Today I posted Judith Ann Moriarty’s of Gilbert and George at the Milwaukee Art Museum. While I was editing I reviewed my own notes from the press preview and remembered what the curators and artists had stressed as the fundamental take-away points of the work: empathy, and celebration, of the disenfranchised. And while it’s definitely a politcally charged, in-your-face exhibition, I think it’s great success is that its relevance isn’t hemmed in by issues of the day and time. Preposterously, I had kind of pre-conceived G&G as “that AIDS show.” Oh, was I wrong. It’s not even that G&G used to be that AIDS show, but now it’s the London Pakistani Diaspora show, or the Terrorism by Association show or the GLBTQ show or the turd-and-cock show.
At the heart of the show is the simple matter that disenfranchisement, discrimination, racism, sexism, bloodshed and class warfare are part of the human condition, and always have been. The implication? Gilbert and George only make art about the only things that matter; in their own words, “death, sex, fear, life, race, religion and money. There is nothing else.”

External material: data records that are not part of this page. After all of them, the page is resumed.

(* For a polynomial function f, the polynomial \<Prod>g\<in>G. (Y - f \<circ> g) vanishes at Y = f and
   its coefficients, the elementary symmetric functions of the f \<circ> g, are G-invariant.
   Applying F2 and replacing the coefficients by their F1-images, F2 f becomes a root of
   \<Prod>g\<in>G. (Y - F1 (f \<circ> g)); since power series in finitely many variables form an integral
   domain, F2 f = F1 (f \<circ> g) for some g, which a priori depends on f.  If no single g
   worked for all f, pick for every g a witness f_g; a linear combination of the f_g whose
   coefficients avoid the roots of finitely many nonzero univariate polynomials is then a
   witness for every g at once, contradicting the first step. *)

section \<open>Power series in finitely many variables\<close>

definition splittings :: "('p::finite \<Rightarrow> nat) \<Rightarrow> (('p \<Rightarrow> nat) \<times> ('p \<Rightarrow> nat)) set" where
  "splittings m = {(a, b). (\<lambda>i. a i + b i) = m}"

lemma finite_bounded_exponents: "finite {a::'p::finite \<Rightarrow> nat. \<forall>i. a i \<le> m i}"
proof -
  have "{a::'p \<Rightarrow> nat. \<forall>i. a i \<le> m i} = Pi\<^sub>E UNIV (\<lambda>i. {..m i})"
    by (auto simp: PiE_UNIV_domain Pi_def)
  then show ?thesis by (simp add: finite_PiE)
qed

lemma finite_splittings: "finite (splittings m)"
proof -
  have "splittings m \<subseteq> {a. \<forall>i. a i \<le> m i} \<times> {a. \<forall>i. a i \<le> m i}"
    by (auto simp: splittings_def)
  then show ?thesis using finite_bounded_exponents finite_subset by blast
qed

lemma ps_mult_splittings: "ps_mult f g m = (\<Sum>(a, b)\<in>splittings m. f a * g b)"
  by (simp add: ps_mult_def splittings_def)

lemma ps_mult_commute: "ps_mult f g = ps_mult g f"
proof
  fix m
  show "ps_mult f g m = ps_mult g f m"
    unfolding ps_mult_splittings
    by (rule sum.reindex_bij_witness[where i="\<lambda>(a, b). (b, a)" and j="\<lambda>(a, b). (b, a)"])
       (auto simp: splittings_def add.commute mult.commute)
qed

lemma ps_mult_const_left: "ps_mult (ps_const c) f = (\<lambda>m. c * f m)"
proof
  fix m
  have "ps_mult (ps_const c) f m = (\<Sum>p\<in>splittings m. if p = ((\<lambda>_. 0), m) then c * f m else 0)"
    unfolding ps_mult_splittings
    by (rule sum.cong) (auto simp: splittings_def ps_const_def split: if_splits)
  also have "\<dots> = c * f m"
    by (simp only: sum.delta[OF finite_splittings]) (simp add: splittings_def)
  finally show "ps_mult (ps_const c) f m = c * f m" .
qed

lemma ps_mult_zero_left: "ps_mult (\<lambda>_. 0) f = (\<lambda>_. 0)"
  by (simp add: ps_mult_def)

lemma ps_mult_add_left: "ps_mult (ps_add f g) h = ps_add (ps_mult f h) (ps_mult g h)"
  unfolding ps_add_def ps_mult_splittings
  by (auto simp: sum.distrib[symmetric] distrib_right intro!: sum.cong)

lemma ps_mult_assoc: "ps_mult (ps_mult f g) h = ps_mult f (ps_mult g h)"
proof
  fix m
  have "ps_mult (ps_mult f g) h m = (\<Sum>(a, b)\<in>splittings m. \<Sum>(c, d)\<in>splittings a. f c * g d * h b)"
    unfolding ps_mult_splittings by (simp add: sum_distrib_right case_prod_unfold)
  also have "\<dots> = (\<Sum>(x, y)\<in>Sigma (splittings m) (\<lambda>(a, b). splittings a).
                     f (fst y) * g (snd y) * h (snd x))"
    by (subst sum.Sigma[symmetric]) (auto simp: finite_splittings case_prod_unfold)
  also have "\<dots> = (\<Sum>(x, y)\<in>Sigma (splittings m) (\<lambda>(a, b). splittings b).
                     f (fst x) * g (fst y) * h (snd y))"
    by (rule sum.reindex_bij_witness[where j="\<lambda>((a, b), (c, d)). ((c, \<lambda>i. d i + b i), (d, b))"
          and i="\<lambda>((a, b), (c, d)). ((\<lambda>i. a i + c i, d), (a, c))"])
       (auto simp: splittings_def fun_eq_iff add.assoc, metis add.assoc)
  also have "\<dots> = (\<Sum>(a, b)\<in>splittings m. \<Sum>(c, d)\<in>splittings b. f a * g c * h d)"
    by (subst sum.Sigma[symmetric]) (auto simp: finite_splittings case_prod_unfold)
  also have "\<dots> = ps_mult f (ps_mult g h) m"
    unfolding ps_mult_splittings by (simp add: sum_distrib_left case_prod_unfold mult.assoc)
  finally show "ps_mult (ps_mult f g) h m = ps_mult f (ps_mult g h) m" .
qed

fun lex_le :: "'a list \<Rightarrow> ('a \<Rightarrow> nat) \<Rightarrow> ('a \<Rightarrow> nat) \<Rightarrow> bool" where
  "lex_le [] a b = True"
| "lex_le (x # xs) a b = (a x < b x \<or> (a x = b x \<and> lex_le xs a b))"

fun lex_less :: "'a list \<Rightarrow> ('a \<Rightarrow> nat) \<Rightarrow> ('a \<Rightarrow> nat) \<Rightarrow> bool" where
  "lex_less [] a b = False"
| "lex_less (x # xs) a b = (a x < b x \<or> (a x = b x \<and> lex_less xs a b))"

lemma lex_le_imp_eq_or_less: "lex_le xs a b \<Longrightarrow> (\<forall>x\<in>set xs. a x = b x) \<or> lex_less xs a b"
  by (induction xs) auto

lemma lex_less_add:
  "lex_less xs a c \<Longrightarrow> lex_le xs b d \<Longrightarrow> lex_less xs (\<lambda>i. a i + b i) (\<lambda>i. c i + d i)"
  by (induction xs) auto

lemma lex_less_irrefl: "\<not> lex_less xs a a"
  by (induction xs) auto

lemma ex_lex_minimal: "S \<noteq> {} \<Longrightarrow> \<exists>a\<in>S. \<forall>b\<in>S. lex_le xs a b"
proof (induction xs arbitrary: S)
  case Nil
  then show ?case by auto
next
  case (Cons x xs)
  define k where "k = (LEAST k. \<exists>a\<in>S. a x = k)"
  have k_attained: "\<exists>a\<in>S. a x = k"
    unfolding k_def using Cons.prems by (intro LeastI_ex[of "\<lambda>k. \<exists>a\<in>S. a x = k"]) blast
  have k_le: "k \<le> b x" if "b \<in> S" for b
    unfolding k_def by (rule Least_le) (use that in blast)
  define S' where "S' = {a\<in>S. a x = k}"
  from Cons.IH[of S'] k_attained obtain a where a: "a \<in> S'" "\<forall>b\<in>S'. lex_le xs a b"
    unfolding S'_def by blast
  have "lex_le (x # xs) a b" if "b \<in> S" for b
  proof (cases "b x = k")
    case True
    then show ?thesis using a that by (simp add: S'_def)
  next
    case False
    then show ?thesis using a k_le[OF that] by (simp add: S'_def)
  qed
  then show ?case using a(1) unfolding S'_def by blast
qed

(* At the sum of the lexicographically least exponents of f and g, the only nonvanishing
   term of the coefficient of the product is the product of the two lowest coefficients. *)
lemma ps_mult_no_zero_divisors:
  fixes f g :: "('p::finite) fps_multi"
  assumes "f \<noteq> (\<lambda>_. 0)" and "g \<noteq> (\<lambda>_. 0)"
  shows "ps_mult f g \<noteq> (\<lambda>_. 0)"
proof -
  obtain xs :: "'p list" where xs: "set xs = UNIV"
    using finite_list[OF finite_UNIV] by blast
  obtain a0 where a0: "f a0 \<noteq> 0" "\<And>a. f a \<noteq> 0 \<Longrightarrow> lex_le xs a0 a"
    using ex_lex_minimal[of "{a. f a \<noteq> 0}" xs] assms(1) by auto
  obtain b0 where b0: "g b0 \<noteq> 0" "\<And>b. g b \<noteq> 0 \<Longrightarrow> lex_le xs b0 b"
    using ex_lex_minimal[of "{b. g b \<noteq> 0}" xs] assms(2) by auto
  define m where "m = (\<lambda>i. a0 i + b0 i)"
  have vanish: "f a * g b = 0" if ab: "(a, b) \<in> splittings m" "(a, b) \<noteq> (a0, b0)" for a b
  proof (rule ccontr)
    assume "f a * g b \<noteq> 0"
    then have le_a: "lex_le xs a0 a" and le_b: "lex_le xs b0 b"
      using a0(2) b0(2) by simp_all
    from lex_le_imp_eq_or_less[OF le_a] show False
    proof
      assume "\<forall>x\<in>set xs. a0 x = a x"
      then have "a = a0" using xs by auto
      then show False using ab by (auto simp: splittings_def m_def fun_eq_iff)
    next
      assume "lex_less xs a0 a"
      from lex_less_add[OF this le_b] have "lex_less xs m m"
        using ab(1) by (simp add: splittings_def m_def)
      then show False using lex_less_irrefl by blast
    qed
  qed
  have "ps_mult f g m = (\<Sum>p\<in>splittings m. if p = (a0, b0) then f a0 * g b0 else 0)"
    unfolding ps_mult_splittings by (rule sum.cong[OF refl]) (use vanish in fastforce)
  also have "\<dots> = f a0 * g b0"
    by (simp only: sum.delta[OF finite_splittings]) (simp add: splittings_def m_def)
  finally have "ps_mult f g m \<noteq> 0" using a0(1) b0(1) by simp
  then show ?thesis by (auto simp: fun_eq_iff)
qed

(* A copy of fps_multi, so that the coefficientwise operations can form an idom instance. *)
datatype 'p mps = MPS (coeffs: "('p \<Rightarrow> nat) \<Rightarrow> complex")

instantiation mps :: (finite) idom
begin

definition "zero_mps = MPS (\<lambda>_. 0)"
definition "one_mps = MPS (ps_const 1)"
definition "plus_mps a b = MPS (ps_add (coeffs a) (coeffs b))"
definition "times_mps a b = MPS (ps_mult (coeffs a) (coeffs b))"
definition "uminus_mps a = MPS (\<lambda>m. - coeffs a m)"
definition "minus_mps a b = MPS (\<lambda>m. coeffs a m - coeffs b m)"

instance
proof
  fix a b c :: "'a mps"
  show "a * b * c = a * (b * c)" by (simp add: times_mps_def ps_mult_assoc)
  show "a * b = b * a" by (simp add: times_mps_def ps_mult_commute)
  show "1 * a = a" by (simp add: times_mps_def one_mps_def ps_mult_const_left)
  show "a + b + c = a + (b + c)" by (simp add: plus_mps_def ps_add_def add.assoc)
  show "a + b = b + a" by (simp add: plus_mps_def ps_add_def add.commute)
  show "0 + a = a" by (simp add: plus_mps_def ps_add_def zero_mps_def)
  show "- a + a = 0" by (simp add: plus_mps_def ps_add_def zero_mps_def uminus_mps_def)
  show "a - b = a + - b" by (simp add: plus_mps_def ps_add_def minus_mps_def uminus_mps_def)
  show "(a + b) * c = a * c + b * c" by (simp add: plus_mps_def times_mps_def ps_mult_add_left)
  show "a * (b + c) = a * b + a * c"
    by (simp add: plus_mps_def times_mps_def ps_mult_commute[of "coeffs a"] ps_mult_add_left)
  show "0 * a = 0" by (simp add: times_mps_def zero_mps_def ps_mult_zero_left)
  then show "a * 0 = 0" by (simp add: times_mps_def zero_mps_def ps_mult_commute)
  show "(0::'a mps) \<noteq> 1"
    by (auto simp: zero_mps_def one_mps_def ps_const_def fun_eq_iff)
  show "a \<noteq> 0 \<Longrightarrow> b \<noteq> 0 \<Longrightarrow> a * b \<noteq> 0"
    using ps_mult_no_zero_divisors[of "coeffs a" "coeffs b"]
    by (cases a; cases b) (auto simp: zero_mps_def times_mps_def)
qed

end

lemma coeffs_sum: "coeffs (\<Sum>a\<in>A. f a) m = (\<Sum>a\<in>A. coeffs (f a) m)"
  by (induction A rule: infinite_finite_induct) (simp_all add: zero_mps_def plus_mps_def ps_add_def)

It takes courage to live compassionately, to fight against these things that are so ingrained and inevitable. I thought about Gilbert and George this morning when I read about John Jordan, and I’ve kept them in mind for the past month as I’ve struggled through stresses, trials, tragedies and great reckonings this summer. Their philosophy on art translates fluidly to a philosophy for living simply and healthily in a chaotic, ambiguous world. Again, in their own words:
“Always be smartly dressed. Make the world believe. Never worry, discuss or criticize. Be calm, polite and in control.”